The skill inspects project layout and creates a canonical skill directory with metadata, scripts, references, and assets. It validates naming, frontmatter metadata, token sizing, and recommended files, then runs quick validation and produces a change report. It also generates domain-specific question artifacts so you can collect the exact requirements before implementation.
What information do you collect before creating a skill?
I always gather scope, tools/APIs, expected inputs/outputs, and any existing patterns or workflows specific to the domain.

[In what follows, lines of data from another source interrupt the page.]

lemma racah_norm_top:
  assumes t: "triad b d (b + d)" "triad a e (b + d)" and K: "2 * (a + b) + 3 \<le> real K"
  shows "racah_norm K a b d e (b + d) = 1"
proof -
  have nn: "0 \<le> a" "0 \<le> b" "0 \<le> d" "0 \<le> e"
    using triad_nonneg[OF t(1)] triad_nonneg[OF t(2)] by simp_all
  have half: "2*a \<in> \<nat>" "2*b \<in> \<nat>" "2*d \<in> \<nat>" "2*e \<in> \<nat>"
    using triad_double_Nats[OF t(1)] triad_double_Nats[OF t(2)] by simp_all
  have Nats: "a + e - (b + d) \<in> \<nat>" "a - e + (b + d) \<in> \<nat>" "- a + e + (b + d) \<in> \<nat>"
    using t(2) unfolding triad_def by blast+
  then obtain i where "a + e - (b + d) = real i" by (auto simp: Nats_iff_of_nat)
  moreover obtain j1 j2 where "2*b = real j1" "2*d = real j2" using half(2,3) by (auto simp: Nats_iff_of_nat)
  ultimately have N: "real_of_int (int (i + j1 + j2)) = a + b + d + e" by simp
  have sum: "(\<Sum>k\<in>{0..K}. top_summand a b d e (real k / 2)) = top_value a b d e"
  proof (rule top_sum_eq_top_value[OF nn half])
    show "0 \<le> a - b + e - d" using triad_le_add[OF t(2)] by simp
    show "a + b + d - e \<in> \<nat>" "b + d + e - a \<in> \<nat>"
      using Nats(2,3) by (simp_all add: algebra_simps)
  qed (rule K)
  have "racah_inner K a b d e (\<lambda>x. racah a b x d e (b + d)) (\<lambda>x. racah a b x d e (b + d))
      = (\<Sum>k\<in>{0..K}. top_const a b d e * top_summand a b d e (real k / 2))"
    unfolding racah_inner_def
  proof (rule sum.cong[OF refl])
    fix k :: nat
    show "(2 * (real k / 2) + 1) * racah_weight a b d e (real k / 2) * racah a b (real k / 2) d e (b + d) *
        racah a b (real k / 2) d e (b + d) = top_const a b d e * top_summand a b d e (real k / 2)"
      using racah_top_weighted_square[OF N] by (simp only: racah_top_single_term[OF N] mult.assoc)
  qed
  also have "\<dots> = top_const a b d e * top_value a b d e"
    unfolding sum_distrib_left[symmetric] sum ..
  finally show ?thesis
    using top_value_normalization[OF t] unfolding racah_norm_def by simp
qed

lemma racah_inner_swap: "racah_inner K b a e d g h = racah_inner K a b d e g h"
  unfolding racah_inner_def racah_weight_swap[of b a e d] ..

lemma racah_norm_swap: "racah_norm K b a e d f = racah_norm K a b d e f"
  unfolding racah_norm_def racah_inner_swap[of K b a e d] racah_swap_ab_de[of b a] by (simp only: mult_ac)

lemma racah_norm_eq_1_ordered:
  assumes "b + d \<le> a + e" "triad b d f" "triad a e f" and K: "2 * (a + b) + 3 \<le> real K"
  shows "racah_norm K a b d e f = 1"
proof -
  obtain j where "b + d = f + real j"
    using assms(2) unfolding triad_def by (auto simp: Nats_iff_of_nat algebra_simps)
  then show ?thesis using assms(2,3)
  proof (induction j arbitrary: f)
    case 0
    then show ?case using racah_norm_top[of b d a e K] K by simp
  next
    case (Suc j)
    have t: "triad b d (f + 1)" "triad a e (f + 1)"
      using triad_add_nat[OF Suc.prems(2), of 1] triad_add_nat[OF Suc.prems(3), of 1] Suc.prems(1) assms(1)
      by simp_all
    then have "racah_norm K a b d e (f + 1) = 1"
      using Suc by simp
    moreover have "0 \<le> f" using triad_nonneg(3)[OF Suc.prems(2)] .
    ultimately show ?case
      using racah_norm_succ[OF _ Suc.prems(2,3) t] K by simp
  qed
qed

lemma racah_norm_eq_1:
  assumes "triad b d f" "triad a e f" and K: "2 * (a + b) + 3 \<le> real K"
  shows "racah_norm K a b d e f = 1"
proof (cases "b + d \<le> a + e")
  case False
  then show ?thesis
    using racah_norm_eq_1_ordered[of a e b d f K] assms by (simp add: racah_norm_swap add.commute)
qed (use racah_norm_eq_1_ordered assms in blast)

section \<open>The SU(2) \<open>6j\<close> symbol\<close>

lemma delta_ok_iff_triad: "delta_ok x y z \<longleftrightarrow> triad x y z"
  unfolding delta_ok_def using triad_sum_Nats[of x y z] unfolding triad_def by blast

lemma rfact_eq_fact_N: "x \<in> \<nat> \<Longrightarrow> rfact x = fact_N x"
  by (simp add: rfact_def fact_N_def)

lemma inverse_rfact_eq_inv_fact_N: "x \<in> \<nat> \<Longrightarrow> 1 / rfact x = inv_fact_N x"
  by (simp add: rfact_def inv_fact_N_def)

lemma Delta_squared:
  assumes "triad x y z"
  shows "Delta x y z * Delta x y z = tri_coeff x y z"
proof -
  have "x + y - z \<in> \<nat>" "x - y + z \<in> \<nat>" "- x + y + z \<in> \<nat>" "x + y + z + 1 \<in> \<nat>"
    using assms triad_sum_Nats unfolding triad_def by blast+
  then have "rfact (x + y - z) * rfact (x - y + z) * rfact (- x + y + z) / rfact (x + y + z + 1) = tri_coeff x y z"
    unfolding tri_coeff_def by (simp add: rfact_eq_fact_N inverse_rfact_eq_inv_fact_N[symmetric])
  moreover have "0 \<le> tri_coeff x y z"
    unfolding tri_coeff_def by (simp add: fact_N_nonneg inv_fact_N_nonneg)
  ultimately show ?thesis unfolding Delta_def by simp
qed
lemma central_binomial_cong:
  assumes p: "prime p" and pn: "p = 2 * n + 1" and "j \<le> n"
  shows "[int (2 * j choose j) = (-4)^j * int (n choose j)] (mod int p)"
  using assms(3)
proof (induction j)
  case (Suc j)
  have "int (Suc j) * int (2 * Suc j choose Suc j) = 2 * (2 * int j + 1) * int (2 * j choose j)"
    using arg_cong[OF central_binomial_Suc[of j], of int]
    by (simp del: binomial_Suc_Suc add: algebra_simps)
  also have "[\<dots> = (2 * (2 * int j + 1) - 2 * int p) * ((-4)^j * int (n choose j))] (mod int p)"
    using Suc by (intro cong_mult) (auto simp: cong_iff_dvd_diff)
  also have "(2 * (2 * int j + 1) - 2 * int p) * ((-4)^j * int (n choose j))
      = (-4)^Suc j * (int (n - j) * int (n choose j))"
    using pn Suc.prems by (simp add: algebra_simps of_nat_diff)
  also have "int (n - j) * int (n choose j) = int (Suc j) * int (n choose Suc j)"
    using binomial_absorption[of j n] binomial_absorb_comp[of n j] by (metis of_nat_mult)
  finally have "[int (Suc j) * int (2 * Suc j choose Suc j) = int (Suc j) * ((-4)^Suc j * int (n choose Suc j))] (mod int p)"
    by (simp add: mult_ac)
  moreover have "\<not> p dvd Suc j" using Suc.prems pn by (auto dest: dvd_imp_le)
  then have "coprime (Suc j) p" using prime_imp_coprime[OF p] by (metis coprime_commute)
  then have "coprime (int (Suc j)) (int p)" by (simp only: coprime_int_iff)
  ultimately show ?case using cong_mult_lcancel by blast
qed simp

How do you ensure naming and metadata are valid?
The skill enforces lowercase hyphenated names, checks the directory name match, and validates frontmatter fields and token sizing before packaging.
Can you automate validation and reporting?
Yes — after changes I run quick validation and generate a structured change report showing files changed, token counts, and validation results.